Sunday, June 24, 1917

(3) Extract from the entry for June 24, 1917 from the writings — diaries, letters, and memoirs — of Captain J.C. Dunn, Medical Officer of the Second Battalion His Majesty's Twenty-Third Foot, the Royal Welch Fusiliers, and fellow soldiers who served with him. The Battle of Arras was launched on April 9, 1917, and was suspended May 5. The capture of Vimy Ridge was its greatest success; otherwise, like the Nivelle Offensive, of which it was the British component, the attack was a failure. The G.O.C. is the General Officer Commanding; The Cams, the Cameronians, the Scottish Rifles.

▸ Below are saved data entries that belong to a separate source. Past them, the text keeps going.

(* Let $d\ge1$, $\alpha\in\mathbb{N}$, let $H=(V,E)$ be a $d$-hypergraph with no isolated vertex and let $w\colon E\to\mathbb{Z}$ satisfy $w(e)\ne0$ for all $e\in E$. Define $g(0)=1$ and $g(i)=\big(i^{i}\cdot 2\alpha\cdot 2^{2^d}\big)^{2^i-1}$ for $i>0$. Suppose there is a set $c$ with $c\subseteq e$ for some $e\in E$ such that (i) $|\mathrm{link}(c)|\ge g(d-|c|)$, and (ii) for every set $f$ with $c\subsetneq f\subseteq V$ and $|f|\le d$ we have $|\mathrm{link}(f)|<g(d-|f|)$. Then there is a set $X\subseteq V$ with $|w[X]|\ge\alpha$.
   Context: A $d$-hypergraph $H=(V,E)$ has a vertex set $V$ and a set $E$ of edges, each $e\subseteq V$ with $|e|\le d$ (the empty set may be an edge). A vertex is isolated if it lies in no edge. For $c\subseteq V$, $\mathrm{link}(c)=\{e\in E: c\subsetneq e\}$. For $X\subseteq V$, $E[X]=\{e\in E: e\subseteq X\}$ and $w[X]=\sum_{e\in E[X]}w(e)$. *)

theory Defs
  imports Main
begin

definition hypergraph :: "nat \<Rightarrow> 'a set \<Rightarrow> 'a set set \<Rightarrow> bool" where
  "hypergraph d V E \<longleftrightarrow> finite V \<and> (\<forall>e\<in>E. e \<subseteq> V \<and> card e \<le> d)"

definition no_isolated :: "'a set \<Rightarrow> 'a set set \<Rightarrow> bool" where
  "no_isolated V E \<longleftrightarrow> (\<forall>v\<in>V. \<exists>e\<in>E. v \<in> e)"

definition link :: "'a set set \<Rightarrow> 'a set \<Rightarrow> 'a set set" where
  "link E c = {e \<in> E. c \<subset> e}"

The War the Infantry Knew 1914-1919 by Captain J.C. Dunn, page 359, copyright © The Royal Welch Fusiliers 1987, publisher: Abacus (Little, Brown and Company, UK), publication date: 1994

Monday, June 24, 1918

(4) Excerpt from Flying in Flanders, a memoir by Willy Coppens, Belgium's greatest ace in World War I with 37 victories, all but two of the victims observation balloons. After repeated attempts to bring down a balloon, Coppens was finally successful on May 8, 1918 after being provided with 20 French incendiary bullets, bullets he used sparingly. Observation balloons were tethered like a kite, and heavily defended with anti-aircraft guns and fighter planes. The Hannoveraner was likely either a Hannover CL.II or CL.III, a two-seater with a distinctive biplane tail, unusual for a smaller plane. Warneton, Belgium is on the Lys River and the French border, about 13 km south of Ypres.